Monday, January 3, 2011

Meta Writing

One of my favorite bloggers, Katya Andressen, has pledged to blog everyday throughout the year.

"Blogging forces you into a state of mental depth and rigor, and we can all do with more of that. It’s one thing to have a thought. It’s quite another to think it through and post it publicly. You have to work your brain harder."

In that vein, I want to use this blog for meta writing; writing about writing. I want to improve my craft as it is the core of my job. I use writing as a persuasive element to build relationships and ultimately solicit support for my employer.

I also want to spend more time writing creatively, as that was my first passion in the arts when I was in high school. I had brief bouts of furious fiction spewing from my keyboard that now I mostly think of as amateur drivel. Only within the last few years have I begun writing fiction, or more broadly, creative writing, again.

Other than "for my own enjoyment", I often struggle with the question: what is the purpose of fiction? I read on a forum that I frequent that fiction should never be didactic. I wholeheartedly disagree even if I do not have an answer as to what fiction "should" be.

When speaking about writing, my English Professor issued the following quote:

"There are three points of view
from which a writer can be considered:
he may be considered as a story teller,
as a teacher,
and as an enchanter.

A major writer combines these three -
storyteller, teacher, enchanter -

but it is the enchanter in him
that predominates
and makes him
a major writer."

Vladimir Nabok
o


The story teller is fairly easy to identify. You've got a protagonist, some conflict and a resolution. Hollywood is very good at this but rarely goes any further. As an example of a teacher, my professor mentioned the works of Michael Crichton. The story telling is still there, but the reader is learning something new and often complex.

The last aspect was never defined in that class. I think it is because enchantment cannot be quantified; the reader will know it when he sees it. Since it is up to each one of us to define enchantment, here is my elucidation: when you wake up in the middle of the night or first thing in the morning and your mind is so entrenched in a thought that you can tell it was thinking about it in your sleep. If that thought has been derived from literature, that my friends, is enchantment.
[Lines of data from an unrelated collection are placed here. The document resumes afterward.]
lemma tested_step_dual:
  assumes "1 \<le> n" "n \<le> N"
  shows "norm (hdual i (i (bdf2_diff U n)))
    \<le> \<tau> * (norm (g n) + (a + d * norm iota) + (b + d * (norm iota)\<^sup>2) * norm (U n))"
proof -
  have "(1 / \<tau>) *\<^sub>R hdual i (i (bdf2_diff U n)) = g n - A (U n) - (\<xi> n o\<^sub>L iota)"
    using scheme[OF assms] by (simp add: algebra_simps)
  then have "hdual i (i (bdf2_diff U n)) = \<tau> *\<^sub>R (g n - A (U n) - (\<xi> n o\<^sub>L iota))"
    using tau_pos by (metis divide_eq_0_iff scaleR_one scaleR_scaleR zero_neq_one nonzero_divide_eq_eq
        order_less_irrefl mult.commute)
  then have "norm (hdual i (i (bdf2_diff U n))) = \<tau> * norm (g n - A (U n) - (\<xi> n o\<^sub>L iota))"
    using tau_pos by simp
  also have "\<dots> \<le> \<tau> * (norm (g n) + norm (A (U n)) + norm (\<xi> n o\<^sub>L iota))"
    using tau_pos norm_triangle_ineq4[of "g n - A (U n)" "\<xi> n o\<^sub>L iota"] norm_triangle_ineq4[of "g n" "A (U n)"]
    by (intro mult_left_mono) auto
  also have "\<dots> \<le> \<tau> * (norm (g n) + (a + d * norm iota) + (b + d * (norm iota)\<^sup>2) * norm (U n))"
  proof (rule mult_left_mono)
    have "norm (\<xi> n o\<^sub>L iota) \<le> d * (1 + norm (iota (U n))) * norm iota"
      using norm_blinfun_compose[of "\<xi> n" iota] xi_bound[OF assms]
      by (meson mult_right_mono norm_ge_zero order_trans)
    also have "\<dots> \<le> d * (1 + norm iota * norm (U n)) * norm iota"
      using d_pos norm_blinfun[of iota "U n"] by (intro mult_right_mono mult_left_mono) auto
    finally show "norm (g n) + norm (A (U n)) + norm (\<xi> n o\<^sub>L iota)
        \<le> norm (g n) + (a + d * norm iota) + (b + d * (norm iota)\<^sup>2) * norm (U n)"
      using A_bound[of "U n"] by (simp add: power2_eq_square algebra_simps)
  qed (use tau_pos in simp)
  finally show ?thesis .
qed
Often times literary snobs (I'm not casting stones, I openly self-identify as both a beer and coffee snob) get hung up on prose. It is quite a talent to give long, beautiful, descriptive, original imagery in a novel. I imagine that all enchanters are quite good at this. However, I see good writing as a pyramid of story teller, teacher, and enchanter. Each is not separate, but builds upon the lower level, transcends and includes its foundation. Some writers have wonderful prose that few others can match but they lack the compelling story telling capabilities that can complete them.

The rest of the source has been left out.